Si jamais vous allez au Maroc un jour ou si vous y vivez, vous allez sans doute remarquer que c’est un peuple enivré, le Maroc est un pays où on a la quasi-certitude que les 35 millions de personnes y vivant sont sous effet de substances à effet anti-dépresseurs ou anxiolytiques, et pourtant si vous posez la question _au sujet de cette addiction_ à n’importe quel marocain il vous répondra sans hésiter « A3oudou Billah, Ach katgoul ?! ».
Rien de surprenant, jamais un enivré n’admettra qu’il est dans un état pas très normal. Vous allez déambuler dans les rues en vous disant que vous êtes juste paranoïaque ou que c’est juste l’effet d’être dans un nouveau cadre que vous voulez découvrir, après ce n’est pas trop votre affaire, chacun fait ce qu’il veut du moment que cela ne dérange personne.
D’une petite ruelle à une autre vous découvrez les petites spécificités du pays, ses odeurs, ses couleurs, sa cuisine, vous découvrez que pour une fois vous avez le temps d’avoir le temps, le temps d’errer d’apprécier et contempler. Après vous vous dites que vous étiez mal informé au sujet du pays, on vous a quand même menti sur un tas de choses, pour l’instant vous n’avez pas vu d’imam frapper les femmes qui ne mettent pas le voile dans la rue, vous avez même vu des marocains portant autre choses que de vieilles djellabas déchirées comme vous l’avez vu sur le magazine que vous avez lu en salle d’attente chez le dentiste mardi dernier.
La surprise ne s’arrête pas là vous avez fait la connaissance d’Aziz, un chauffeur de taxi qui non seulement ne vous a pas facturé 100 euros pour un trajet en taxi, mais c’est quelqu’un qui parle arabe, français, anglais, on est loin du stéréotype du marocain qui ne cherche qu’à gratter quelques pièces à toute personne n’ayant pas la peau ébène. Il faut le dire, le Maroc vaut vraiment le coup.
En rentrant de votre journée riche en découvertes, vous vous arrêtez devant un petit café, ou salon de thé vu le nombre de verres de thé que vous apercevez sur les tables des clients, vous décidez de vous joindre à une table où sont assis deux vieils hommes qui jouent aux dames, ils ont l’air très concentrés dessus et comme vous êtes un risquophile vous interrompez la partie en demandant s’il serait possible de les joindre pour boire un verre de thé et parler du Maroc et sa culture vu que vous en êtes désormais passionné, vous gardez quand même une distance d’un mètre ou deux entre vous et ces messieurs par respect mais aussi parce que vous anticipez une lancée de babouches vu que la partie de jeu de dames a l’air une affaire très sérieuse ici. A votre grande surprise, les deux vieils hommes vous accueillent avec un large sourire « Oui, approchez asseyez-vous Marhaba ».

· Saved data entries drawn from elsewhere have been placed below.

theorem mainTheorem10:
  fixes X Y :: "'v set" and C :: "'c set" and E M :: "('v, 'c) cedge set" and n k :: nat
    and X' T B :: "'v set" and c :: 'c and es ms :: "('v, 'c) cedge list"
    and A :: "('v, 'c) cedge set"
  assumes setting: "bip_setting X Y C E n"
    and M: "rainbow_matching E n M"
    and XT: "X' \<subseteq> X" "T \<subseteq> X"
    and cC: "c \<in> C"
    and fr: "free E n M (real (2 * k)) T c X'"
    and sw: "switching E M X' es ms"
    and from_c: "ecol (es ! 0) = c"
    and len: "length ms \<le> k"
    and A: "A \<subseteq> M - {e \<in> M. ecol e = c}" "card A \<le> k"
    and B: "B \<subseteq> X'" "card B \<le> k"
    and disj: "(ex ` set es \<union> ex ` set ms) \<inter> T = {}"
              "(ex ` set es \<union> ex ` set ms) \<inter> ex ` A = {}"
              "(ex ` set es \<union> ex ` set ms) \<inter> B = {}"
              "T \<inter> ex ` A = {}"
              "ex ` A \<inter> B = {}"
  shows "\<exists>Mt. rainbow_matching E n Mt \<and>
              (\<forall>e\<in>Mt. ecol e \<noteq> ecol (last ms)) \<and>
              A \<subseteq> Mt \<and>
              (\<forall>v \<in> ex ` set ms \<union> B. \<not> covers Mt v)"
proof -
  have ME: "M \<subseteq> E" using M unfolding rainbow_matching_def by simp
  note switching = setting ME sw
  obtain M' where M': "rainbow_matching E n M'" "A \<union> set ms \<subseteq> M'"
      "\<forall>v \<in> B \<union> ex ` set es. \<not> covers M' v" "\<forall>e\<in>M'. ecol e \<noteq> c"
  proof (rule free_switching_extension[OF switching fr from_c len A B])
    show "ex ` set ms \<inter> T = {}" "ex ` A \<inter> T = {}" using disj(1,4) by auto
    show "ex ` A \<inter> (B \<union> ex ` set es) = {}" using disj(2,5) by auto
    show "ex ` set ms \<inter> B = {}" using disj(3) by auto
  qed
  then have M'_matching: "is_matching M'" and M'_rainbow: "is_rainbow M'"
    unfolding rainbow_matching_def by simp_all
  have ms_in_M': "set ms \<subseteq> M'" and es_ends_free: "\<forall>v \<in> ex ` set es. \<not> covers M' v"
    using M'(2,3) by auto
  have sigma_in_X: "ex ` set ms \<union> B \<subseteq> X"
    using switching_ms_ex_in[OF switching] B(1) XT(1) by blast
  show ?thesis
  proof (intro exI conjI ballI)
    show "rainbow_matching E n (switch_along M' es ms)"
      using switch_along_rainbow_matching[OF switching M'(1) ms_in_M'] M'(4) from_c es_ends_free by simp
    show "ecol e \<noteq> ecol (last ms)" if "e \<in> switch_along M' es ms" for e
      using switch_along_avoids_last_col[OF switching M'_rainbow ms_in_M' that] .
    show "A \<subseteq> switch_along M' es ms"
      using M'(2) disj(2) unfolding switch_along_def by blast
    show "\<not> covers (switch_along M' es ms) v" if v: "v \<in> ex ` set ms \<union> B" for v
    proof (rule switch_along_not_covers[OF switching M'_matching ms_in_M' es_ends_free])
      show "v \<in> X" using v sigma_in_X by blast
      show "v \<notin> ex ` set es" using v disj(3) switching_ex_disjoint[OF switching] by blast
      show "v \<in> ex ` set ms \<or> \<not> covers M' v" using v M'(3) by blast
    qed
  qed
qed

end
lemma (in reduced_system) no_closed_orbit_in_interior:
  "\<not> closed_orbit_in_interior aL aR muL muR gRL gLR L R"
proof
  assume "closed_orbit_in_interior aL aR muL muR gRL gLR L R"
  then obtain T where DERIV_L: "\<And>t. (L has_real_derivative fieldL aL muL gRL (L t) (R t)) (at t)"
    and DERIV_R: "\<And>t. (R has_real_derivative fieldR aR muR gLR (L t) (R t)) (at t)"
    and T: "T > 0" "\<And>t. L (t + T) = L t" "\<And>t. R (t + T) = R t"
    and nonconst: "\<exists>t1 t2. (L t1, R t1) \<noteq> (L t2, R t2)"
    and interior: "\<And>t. 0 < L t" "\<And>t. 0 < R t" "\<And>t. L t + R t < 1"
    unfolding closed_orbit_in_interior_def in_simplex_interior_def by blast
  define x where "x t = L t / (L t + R t)" for t
  define C where "C t = 1 - L t - R t" for t
  have sum_nz: "L t + R t \<noteq> 0" for t using interior(1,2)[of t] by simp
  have "(x has_real_derivative Fx (x t) (C t)) (at t)" for t
  proof -
    have "(x has_real_derivative (fieldL aL muL gRL (L t) (R t) * (L t + R t)
        - L t * (fieldL aL muL gRL (L t) (R t) + fieldR aR muR gLR (L t) (R t)))
        / ((L t + R t) * (L t + R t))) (at t)"
      unfolding x_def[abs_def]
      by (rule DERIV_divide[OF DERIV_L DERIV_add[OF DERIV_L DERIV_R] sum_nz])
    then show ?thesis unfolding fieldL_fieldR_share[OF sum_nz] x_def C_def .
  qed
  moreover have "(C has_real_derivative FC (x t) (C t)) (at t)" for t
  proof -
    have "(C has_real_derivative
        0 - fieldL aL muL gRL (L t) (R t) - fieldR aR muR gLR (L t) (R t)) (at t)"
      unfolding C_def[abs_def] by (intro DERIV_diff DERIV_const DERIV_L DERIV_R)
    then show ?thesis using fieldL_fieldR_C[OF sum_nz] by (simp add: x_def C_def)
  qed
  moreover have "0 < x t" "x t < 1" "0 < C t" "C t < 1" for t
    using interior[of t] by (auto simp: x_def C_def field_simps)
  ultimately interpret reduced_orbit aL aR muL muR gRL gLR x C T
    using T by unfold_locales (auto simp: x_def C_def)
  have "L t = x t * (1 - C t)" "R t = (1 - x t) * (1 - C t)" for t
    using sum_nz[of t] by (auto simp: x_def C_def field_simps)
  then have "(L t1, R t1) = (L t2, R t2)" for t1 t2 using stationary[of t1 t2] by simp
  with nonconst show False by blast
qed
lemma sum_ereal_eq_MInfty:
  fixes f :: "'x \<Rightarrow> ereal"
  assumes "finite A" "x \<in> A" "f x = -\<infinity>" "\<forall>y\<in>A. f y \<noteq> \<infinity>"
  shows "(\<Sum>y\<in>A. f y) = -\<infinity>"
proof -
  have "(\<Sum>y\<in>A. f y) = f x + (\<Sum>y\<in>A - {x}. f y)"
    using assms(1,2) by (rule sum.remove)
  moreover have "(\<Sum>y\<in>A - {x}. f y) \<noteq> \<infinity>"
    using assms(4) by (simp add: sum_Pinfty)
  ultimately show ?thesis
    using assms(3) by simp
qed

lemma exp_return_log_reward:
  assumes "\<forall>s. 0 \<le> p1 s" "\<forall>s a s'. 0 \<le> p s a s'" "\<pi> \<in> policies T"
    and "\<forall>\<tau>\<in>traj T. 0 < traj_prob p1 p T \<pi> \<tau> \<longrightarrow> (\<forall>t\<in>{1..T}. 0 < \<pi>' t (fst (\<tau> t)) (snd (\<tau> t)))"
  shows "exp_return p1 p T \<pi> (log_reward \<pi>') =
    ereal (\<Sum>\<tau>\<in>traj T. traj_prob p1 p T \<pi> \<tau> * traj_loglik T \<pi>' \<tau>)"
proof -
  have "ereal (traj_prob p1 p T \<pi> \<tau>) * (\<Sum>t\<in>{1..T}. log_reward \<pi>' t (fst (\<tau> t)) (snd (\<tau> t)))
      = ereal (traj_prob p1 p T \<pi> \<tau> * traj_loglik T \<pi>' \<tau>)" if "\<tau> \<in> traj T" for \<tau>
  proof (cases "0 < traj_prob p1 p T \<pi> \<tau>")
    case True
    with assms(4) that have "\<forall>t\<in>{1..T}. 0 < \<pi>' t (fst (\<tau> t)) (snd (\<tau> t))"
      by blast
    then have "(\<Sum>t\<in>{1..T}. log_reward \<pi>' t (fst (\<tau> t)) (snd (\<tau> t)))
        = (\<Sum>t\<in>{1..T}. ereal (ln (\<pi>' t (fst (\<tau> t)) (snd (\<tau> t)))))"
      unfolding log_reward_def by (intro sum.cong) auto
    then show ?thesis
      by (simp add: traj_loglik_def)
  next
    case False
    with traj_prob_nonneg[OF assms(1-3)] have "traj_prob p1 p T \<pi> \<tau> = 0"
      by (simp add: order_less_le)
    then show ?thesis
      by (simp add: zero_ereal_def[symmetric])
  qed
  then show ?thesis
    unfolding exp_return_def by (simp cong: sum.cong)
qed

Vous entamez alors une longue discussion au sujet du pays, sa culture, son histoire, ses traditions et ses coutumes, c’est tellement intéressant que si Driss (un des vieils hommes, qui a gagné la partie d’ailleurs) était votre professeur d’histoire-géo alors cette matière aurait été votre préférée au lycée, vous êtes tellement à l’aise que vous vous dites je vais poser la question qui fâche je vais leur demander de quoi les marocains s’enivrent, d’eau de vie comme ils l’aiment l’appeler ?
Un moment de silence s’installe alors, et puis voilà la réponse tant attendue, « Ici Weldi (fiston) on s’énivre d’hospitalité et d’amour, on est peut-être pas aussi riches que d’autres pays de ce monde mais la richesse est dans nos cœurs, tant que vous êtes notre hôte vous gouterez à notre hospitalité, vous avez sans doute vu des gens qui vous ont souri, qui vous ont ouvert leurs portes c’est tout simplement une partie de notre identité, une fois que nous ferons autrement nous aurons oublié ce que nous sommes ». Face à des mots aussi sincères la moindre des choses que je pouvais faire pour ces deux nobles c’est de payer l’addition, trop tard Haj Brahim l’avait déjà fait.